When you decide to file for bankruptcy, your LIT will complete the required forms, and then file the documents in order for you to formally declare bankruptcy. From this point onward, the LIT will be dealing directly with the creditors on your behalf. After you have declared bankruptcy, you’ll no longer make payments directly to your unsecured creditors and any lawsuits against you by your creditors will be stopped.

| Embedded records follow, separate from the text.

text \<open>On an order-convex subset the Moebius function is the restriction of the ambient one,
  because every interval of the subset is an interval of the ambient poset.\<close>

lemma mobius_convex_subset:
  assumes fin: "finite P" and po: "partial_order_on' P le" and sub: "S \<subseteq> P"
    and convex: "\<And>p q s. p \<in> S \<Longrightarrow> q \<in> S \<Longrightarrow> s \<in> P \<Longrightarrow> le p s \<Longrightarrow> le s q \<Longrightarrow> s \<in> S"
  shows "mobius S le = (\<lambda>p q. if p \<in> S \<and> q \<in> S then mobius P le p q else 0)"
proof (rule mobius_eqI)
  show "finite S" using fin sub by (simp add: finite_subset)
  show "partial_order_on' S le" using po sub by (rule po_subset)
  show "is_mobius S le (\<lambda>p q. if p \<in> S \<and> q \<in> S then mobius P le p q else 0)"
    unfolding is_mobius_def
  proof (intro conjI allI impI ballI)
    fix p q assume p: "p \<in> S" and q: "q \<in> S"
    have eq: "{s\<in>S. le p s \<and> le s q \<and> s \<noteq> q} = {s\<in>P. le p s \<and> le s q \<and> s \<noteq> q}"
      using sub convex[OF p q] by blast
    have "(\<Sum>s\<in>{s\<in>S. le p s \<and> le s q \<and> s \<noteq> q}. if p \<in> S \<and> s \<in> S then mobius P le p s else 0)
        = (\<Sum>s\<in>{s\<in>P. le p s \<and> le s q \<and> s \<noteq> q}. mobius P le p s)"
      unfolding eq[symmetric] using p by (intro sum.cong) auto
    then show "(if p \<in> S \<and> q \<in> S then mobius P le p q else 0) = (if p = q then 1
        else if le p q then - (\<Sum>s\<in>{s\<in>S. le p s \<and> le s q \<and> s \<noteq> q}.
          if p \<in> S \<and> s \<in> S then mobius P le p s else 0) else 0)"
      using mobius_rec[OF fin po, of p q] p q sub by (simp add: subsetD)
  qed auto
qed

lemma hat_po:
  assumes po: "partial_order_on' P le"
  shows "partial_order_on' (hat_set P) (hat_le le)"
  unfolding partial_order_on'_def
proof (intro conjI ballI impI)
  fix x assume "x \<in> hat_set P" then show "hat_le le x x"
    using po_refl[OF po] by (auto simp: hat_set_def hat_le_def)
next
  fix x y assume "x \<in> hat_set P" "y \<in> hat_set P" "hat_le le x y \<and> hat_le le y x"
  note h = this
  show "x = y"
  proof (cases y)
    case None
    then show ?thesis using h by (cases x) (auto simp: hat_le_def)
  next
    case (Some b)
    obtain a where xa: "x = Some a" and ab: "le a b" using h Some by (auto simp: hat_le_def)
    have ba: "le b a" using h xa Some by (simp add: hat_le_def)
    have "a \<in> P" "b \<in> P" using h xa Some by (auto simp: hat_set_def)
    then show ?thesis using po_antisym[OF po] ab ba xa Some by blast
  qed
next
  fix x y w assume "x \<in> hat_set P" "y \<in> hat_set P" "w \<in> hat_set P" "hat_le le x y \<and> hat_le le y w"
  note h = this
  show "hat_le le x w"
  proof (cases w)
    case None then show ?thesis by (simp add: hat_le_def)
  next
    case (Some c)
    obtain b where yb: "y = Some b" and bc: "le b c" using h Some by (auto simp: hat_le_def)
    obtain a where xa: "x = Some a" and ab: "le a b" using h yb by (auto simp: hat_le_def)
    have "a \<in> P" "b \<in> P" "c \<in> P" using h xa yb Some by (auto simp: hat_set_def)
    then have "le a c" using po_trans[OF po] ab bc by blast
    then show ?thesis using xa Some by (simp add: hat_le_def)
  qed
qed

lemma hat_mobius:
  assumes fin: "finite P" and po: "partial_order_on' P le"
  shows "mobius (hat_set P) (hat_le le) = (\<lambda>x y. case x of
      None \<Rightarrow> (if y = None then 1 else 0)
    | Some p \<Rightarrow> (case y of
        None \<Rightarrow> (if p \<in> P then - (\<Sum>s\<in>{s\<in>P. le p s}. mobius P le p s) else 0)
      | Some q \<Rightarrow> mobius P le p q))"
    (is "_ = ?F")
proof (rule mobius_eqI)
  show "finite (hat_set P)" using fin unfolding hat_set_def by simp
  show "partial_order_on' (hat_set P) (hat_le le)" using po by (rule hat_po)
  show "is_mobius (hat_set P) (hat_le le) ?F"
    unfolding is_mobius_def
  proof (intro conjI allI impI ballI)
    fix x y assume "x \<notin> hat_set P \<or> y \<notin> hat_set P"
    then show "?F x y = 0" using mobius_outside[OF fin po] unfolding hat_set_def
      by (cases x; cases y) auto
  next
    fix x y assume x: "x \<in> hat_set P" and y: "y \<in> hat_set P"
    define S where "S = {s\<in>hat_set P. hat_le le x s \<and> hat_le le s y \<and> s \<noteq> y}"
    show "?F x y = (if x = y then 1 else if hat_le le x y then - (\<Sum>s\<in>S. ?F x s) else 0)"
    proof (cases x)
      case None then show ?thesis by (cases y) (auto simp: hat_le_def)
    next
      case (Some p)
      have pP: "p \<in> P" using x Some unfolding hat_set_def by auto
      show ?thesis
      proof (cases y)
        case None
        have "S = Some ` {s\<in>P. le p s}"
          using Some None unfolding S_def hat_set_def hat_le_def by auto
        then show ?thesis using Some None pP by (simp add: sum.reindex hat_le_def)
      next
        case (Some q)
        have qP: "q \<in> P" using y Some unfolding hat_set_def by auto
        have "S = Some ` {s\<in>P. le p s \<and> le s q \<and> s \<noteq> q}"
          using \<open>x = Some p\<close> Some unfolding S_def hat_set_def hat_le_def by auto
        then show ?thesis using \<open>x = Some p\<close> Some mobius_rec[OF fin po pP qP]
          by (simp add: sum.reindex hat_le_def)
      qed
    qed
  qed
qed

text \<open>Every strict relation p < q in a finite poset starts with a covering step p <. w \<le> q:
  take w minimising the interval [p,w] among the elements strictly above p and below q.\<close>

lemma cover_below:
  assumes fin: "finite P" and po: "partial_order_on' P le"
    and p: "p \<in> P" and q: "q \<in> P" and pq: "le p q" and ne: "p \<noteq> q"
  obtains w where "covers P le p w" and "le w q"
proof -
  define W where "W = {w\<in>P. le p w \<and> w \<noteq> p \<and> le w q}"
  have "q \<in> W" using q pq ne po_refl[OF po] unfolding W_def by auto
  then obtain w where w: "w \<in> W"
    and wmin: "\<And>v. v \<in> W \<Longrightarrow> card (ivl P le p w) \<le> card (ivl P le p v)"
    using ex_has_least_nat[of "\<lambda>w. w \<in> W" q "\<lambda>w. card (ivl P le p w)"] by blast
  have wP: "w \<in> P" and pw: "le p w" and wp: "w \<noteq> p" and wq: "le w q"
    using w unfolding W_def by auto
  have "\<not> (\<exists>v\<in>P. le p v \<and> le v w \<and> v \<noteq> p \<and> v \<noteq> w)"
  proof
    assume "\<exists>v\<in>P. le p v \<and> le v w \<and> v \<noteq> p \<and> v \<noteq> w"
    then obtain v where v: "v \<in> P" "le p v" "le v w" "v \<noteq> p" "v \<noteq> w" by blast
    have "v \<in> W" using v wq wP q po_trans[OF po] unfolding W_def by blast
    then have "card (ivl P le p w) \<le> card (ivl P le p v)" by (rule wmin)
    moreover have "card (ivl P le p v) < card (ivl P le p w)"
      using ivl_less[OF po fin p wP v(1) v(2) v(3) v(5)] .
    ultimately show False by simp
  qed
  then have "covers P le p w" using p wP pw wp unfolding covers_def by auto
  then show ?thesis using wq that by blast
qed

text \<open>In a ranked poset the rank is strictly monotone: climb from p to q by covering steps,
  each of which raises the rank by one.\<close>

lemma rank_strict_mono:
  assumes rp: "ranked_poset P le rk"
    and "p \<in> P" "q \<in> P" "le p q" "p \<noteq> q"
  shows "rk p < rk q"
proof -
  have fin: "finite P" and po: "partial_order_on' P le"
    and cov: "\<And>x y. covers P le x y \<Longrightarrow> rk y = rk x + 1"
    using rp unfolding ranked_poset_def by auto
  have "\<forall>p. p \<in> P \<longrightarrow> le p q \<longrightarrow> p \<noteq> q \<longrightarrow> card (ivl P le p q) = n \<longrightarrow> rk p < rk q" for n
  proof (induction n rule: less_induct)
    case (less n)
    show ?case
    proof (intro allI impI)
      fix p assume p: "p \<in> P" and pq: "le p q" and ne: "p \<noteq> q" and c: "card (ivl P le p q) = n"
      obtain w where pw: "covers P le p w" and wq: "le w q"
        using cover_below[OF fin po p \<open>q \<in> P\<close> pq ne] .
      have wP: "w \<in> P" and "le p w" "w \<noteq> p" using pw unfolding covers_def by auto
      have rw: "rk w = rk p + 1" using pw by (rule cov)
      show "rk p < rk q"
      proof (cases "w = q")
        case True then show ?thesis using rw by simp
      next
        case False
        have "ivl P le w q \<subseteq> ivl P le p q"
          using \<open>le p w\<close> wP p po_trans[OF po] unfolding ivl_def by blast
        moreover have "p \<in> ivl P le p q - ivl P le w q"
          using p pq wP \<open>le p w\<close> \<open>w \<noteq> p\<close> po_refl[OF po] po_antisym[OF po] unfolding ivl_def by blast
        ultimately have "ivl P le w q \<subset> ivl P le p q" by blast
        moreover have "finite (ivl P le p q)" using fin unfolding ivl_def by simp
        ultimately have "card (ivl P le w q) < n" using c psubset_card_mono by blast
        then have "rk w < rk q" using less.IH wP wq False by blast
        then show ?thesis using rw by simp
      qed
    qed
  qed
  then show ?thesis using assms by blast
qed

Then, your assets will be sold by your LIT including any acquired during your bankruptcy. The money that is gained through the sale is distributed to your creditors. The Office of the Superintendent of Bankruptcy Canada may choose to examine you under oath. This examination is to ask you about your conduct and the reasons why you were required to declare bankruptcy in the first place. As a part of your bankruptcy, you’ll need to attend two financial counselling sessions to help you understand the causes of your bankruptcy and to assist you in managing your finances in the future.
While declaring bankruptcy is certainly a financial hurdle that you must overcome, many others have come through a bankruptcy and recovered with flourishing financial health. Filing for bankruptcy can have an effect on numerous factors:
- Your Credit Rating: is assigned the lowest possible credit score. The information on your credit report that affects your credit score is usually removed after 6 or 7 years if this is your first bankruptcy.
- Your House or Car: secured creditors are (generally) not affected by bankruptcy. Consult with your LIT to determine how your bankruptcy will affect your secured debts.
- Your Spouse: if you have a joint debt, creditors can pursue your spouse for repayment as well.
- Co-Signers: will still be responsible for making loan payments after you are bankrupt.
No matter what your financial situation, dealing with debt is a reality that everyone has to deal with. Even if you’re having difficulty repaying your creditors, there are still options to consider when it comes to paying your debts. Remember that if you are going through financial struggles related to debt, there are resources and professionals that can help you achieve financial freedom!